Saved data entries
lemma symdiff_eq_singleton_iff:
  "symdiff P Q = {v} \<longleftrightarrow> (v \<notin> P \<and> Q = insert v P) \<or> (v \<notin> Q \<and> P = insert v Q)"
proof
  assume sd: "symdiff P Q = {v}"
  then have "P - {v} = Q - {v}" "v \<in> P \<longleftrightarrow> v \<notin> Q"
    unfolding symdiff_def by blast+
  then show "(v \<notin> P \<and> Q = insert v P) \<or> (v \<notin> Q \<and> P = insert v Q)"
    by (metis insert_Diff_single insert_absorb)
qed (auto simp: symdiff_def)

lemma symdiff_Diff_singleton: "symdiff (P - {v}) (Q - {v}) = symdiff P Q - {v}"
  unfolding symdiff_def by blast

lemma finite_edge_labels: "finite F \<Longrightarrow> finite (edge_labels F)"
proof -
  assume "finite F"
  moreover have "edge_labels F \<subseteq> (\<lambda>(P, Q). the_elem (symdiff P Q)) ` (F \<times> F)"
    unfolding edge_labels_def by (clarsimp simp: image_iff) (metis the_elem_eq)
  ultimately show ?thesis by (meson finite_SigmaI finite_imageI finite_subset)
qed

lemma edge_labels_subset_Union: "edge_labels F \<subseteq> \<Union>F"
  unfolding edge_labels_def symdiff_def by blast

lemma edge_labels_iff_lower_ends: "v \<in> edge_labels F \<longleftrightarrow> lower_ends F v \<noteq> {}"
  unfolding edge_labels_def lower_ends_def symdiff_eq_singleton_iff by blast

lemma edge_labels_subset_collapse:
  "edge_labels F \<subseteq> insert v (edge_labels ((\<lambda>Q. Q - {v}) ` F))"
  unfolding edge_labels_def by (force simp: symdiff_Diff_singleton)

lemma card_edge_labels_le_collapse:
  assumes "finite F"
  shows "card (edge_labels F) \<le> card (edge_labels ((\<lambda>Q. Q - {v}) ` F)) + 1"
proof -
  have "card (edge_labels F) \<le> card (insert v (edge_labels ((\<lambda>Q. Q - {v}) ` F)))"
    using assms by (intro card_mono edge_labels_subset_collapse) (simp add: finite_edge_labels)
  also have "\<dots> \<le> card (edge_labels ((\<lambda>Q. Q - {v}) ` F)) + 1"
    by (simp add: card_insert_le_m1)
  finally show ?thesis .
qed

lemma card_collapse_add_lower_ends_le:
  assumes "finite F"
  shows "card ((\<lambda>Q. Q - {v}) ` F) + card (lower_ends F v) \<le> card F"
proof -
  let ?U = "insert v ` lower_ends F v"
  have U: "?U \<subseteq> F" "finite ?U" using assms unfolding lower_ends_def by auto
  have "Q - {v} \<in> (\<lambda>Q. Q - {v}) ` (F - ?U)" if "Q \<in> F" for Q
  proof (cases "Q \<in> ?U")
    case True
    then obtain R where "R \<in> lower_ends F v" "Q = insert v R" by blast
    then have "R \<in> F - ?U" "Q - {v} = R - {v}" by (auto simp: lower_ends_def)
    then show ?thesis by blast
  qed (use that in blast)
  then have "(\<lambda>Q. Q - {v}) ` F = (\<lambda>Q. Q - {v}) ` (F - ?U)" by blast
  then have "card ((\<lambda>Q. Q - {v}) ` F) \<le> card F - card ?U"
    using card_image_le[of "F - ?U"] assms U by (simp add: card_Diff_subset)
  moreover have "card ?U = card (lower_ends F v)"
    by (intro card_image inj_onI) (auto simp: lower_ends_def dest: insert_ident)
  moreover have "card ?U \<le> card F" using U assms by (intro card_mono)
  ultimately show ?thesis by linarith
qed
lemma partials_increment_bound:
  fixes H :: "'v::euclidean_space \<Rightarrow> real"
  assumes der: "\<And>b q. b \<in> Basis \<Longrightarrow> ((\<lambda>s. H (q + s *\<^sub>R b)) has_real_derivative Db b q) (at 0)"
    and near: "\<And>b q. b \<in> Basis \<Longrightarrow> dist q p < d \<Longrightarrow> \<bar>Db b q - Db b p\<bar> \<le> e"
    and h: "real DIM('v) * norm h < d"
    and S: "S \<subseteq> Basis"
  shows "\<bar>H (p + (\<Sum>b\<in>S. (h \<bullet> b) *\<^sub>R b)) - H p - (\<Sum>b\<in>S. (h \<bullet> b) * Db b p)\<bar>
           \<le> real (card S) * e * norm h"
proof -
  have "dist p p < d" by (simp add: le_less_trans[OF _ h])
  then have e: "e \<ge> 0" using near[OF SOME_Basis, of p] by simp
  have "finite S" using S finite_Basis finite_subset by blast
  then show ?thesis using S
  proof (induction S rule: finite_subset_induct'[where A=Basis])
    case empty
    then show ?case by simp
  next
    case (insert c F)
    define q where "q = p + (\<Sum>b\<in>F. (h \<bullet> b) *\<^sub>R b)"
    have c: "c \<in> Basis" and hc: "\<bar>h \<bullet> c\<bar> \<le> norm h"
      using insert by (auto simp: Basis_le_norm)
    have card: "real (card (insert c F)) = real (card F) + 1" "card (insert c F) \<le> DIM('v)"
      using insert by (simp, intro card_mono) auto
    have "norm (\<Sum>b\<in>F. (h \<bullet> b) *\<^sub>R b) \<le> (\<Sum>b\<in>F. norm h)"
      using insert by (intro norm_sum[THEN order_trans] sum_mono) (auto simp: Basis_le_norm subset_iff)
    then have nF: "norm (\<Sum>b\<in>F. (h \<bullet> b) *\<^sub>R b) \<le> real (card F) * norm h" by simp
    have step: "\<bar>H (q + (h \<bullet> c) *\<^sub>R c) - H q - (h \<bullet> c) * Db c p\<bar> \<le> e * norm h"
    proof (rule line_increment_bound[OF der[OF c], THEN order_trans])
      fix z assume "\<bar>z\<bar> \<le> \<bar>h \<bullet> c\<bar>"
      then have "norm ((\<Sum>b\<in>F. (h \<bullet> b) *\<^sub>R b) + z *\<^sub>R c) \<le> real (card F) * norm h + norm h"
        using nF hc c by (intro norm_triangle_le) simp
      also have "\<dots> \<le> real DIM('v) * norm h"
        using card mult_right_mono[of "real (card (insert c F))" "real DIM('v)" "norm h"]
        by (simp add: distrib_right)
      finally have "dist (q + z *\<^sub>R c) p < d" using h by (simp add: q_def dist_norm)
      then show "\<bar>Db c (q + z *\<^sub>R c) - Db c p\<bar> \<le> e" by (rule near[OF c])
    qed (use hc e in \<open>rule mult_left_mono\<close>)
    have IH: "\<bar>H q - H p - (\<Sum>b\<in>F. (h \<bullet> b) * Db b p)\<bar> \<le> real (card F) * e * norm h"
      using insert.IH by (simp add: q_def)
    have "p + (\<Sum>b\<in>insert c F. (h \<bullet> b) *\<^sub>R b) = q + (h \<bullet> c) *\<^sub>R c"
      using insert by (simp add: q_def algebra_simps)
    moreover have "(\<Sum>b\<in>insert c F. (h \<bullet> b) * Db b p) = (h \<bullet> c) * Db c p + (\<Sum>b\<in>F. (h \<bullet> b) * Db b p)"
      using insert by simp
    moreover note abs_triangle_ineq[of "H (q + (h \<bullet> c) *\<^sub>R c) - H q - (h \<bullet> c) * Db c p"
        "H q - H p - (\<Sum>b\<in>F. (h \<bullet> b) * Db b p)"]
    ultimately show ?case
      using step IH card(1) by (simp add: algebra_simps)
  qed
qed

→ The task: Return, word for word, every line from the top of the entries down to the line that holds "P \<longleftrightarrow> v", both included.

→ Solved problem:
lemma symdiff_eq_singleton_iff:
  "symdiff P Q = {v} \<longleftrightarrow> (v \<notin> P \<and> Q = insert v P) \<or> (v \<notin> Q \<and> P = insert v Q)"
proof
  assume sd: "symdiff P Q = {v}"
  then have "P - {v} = Q - {v}" "v \<in> P \<longleftrightarrow> v \<notin> Q"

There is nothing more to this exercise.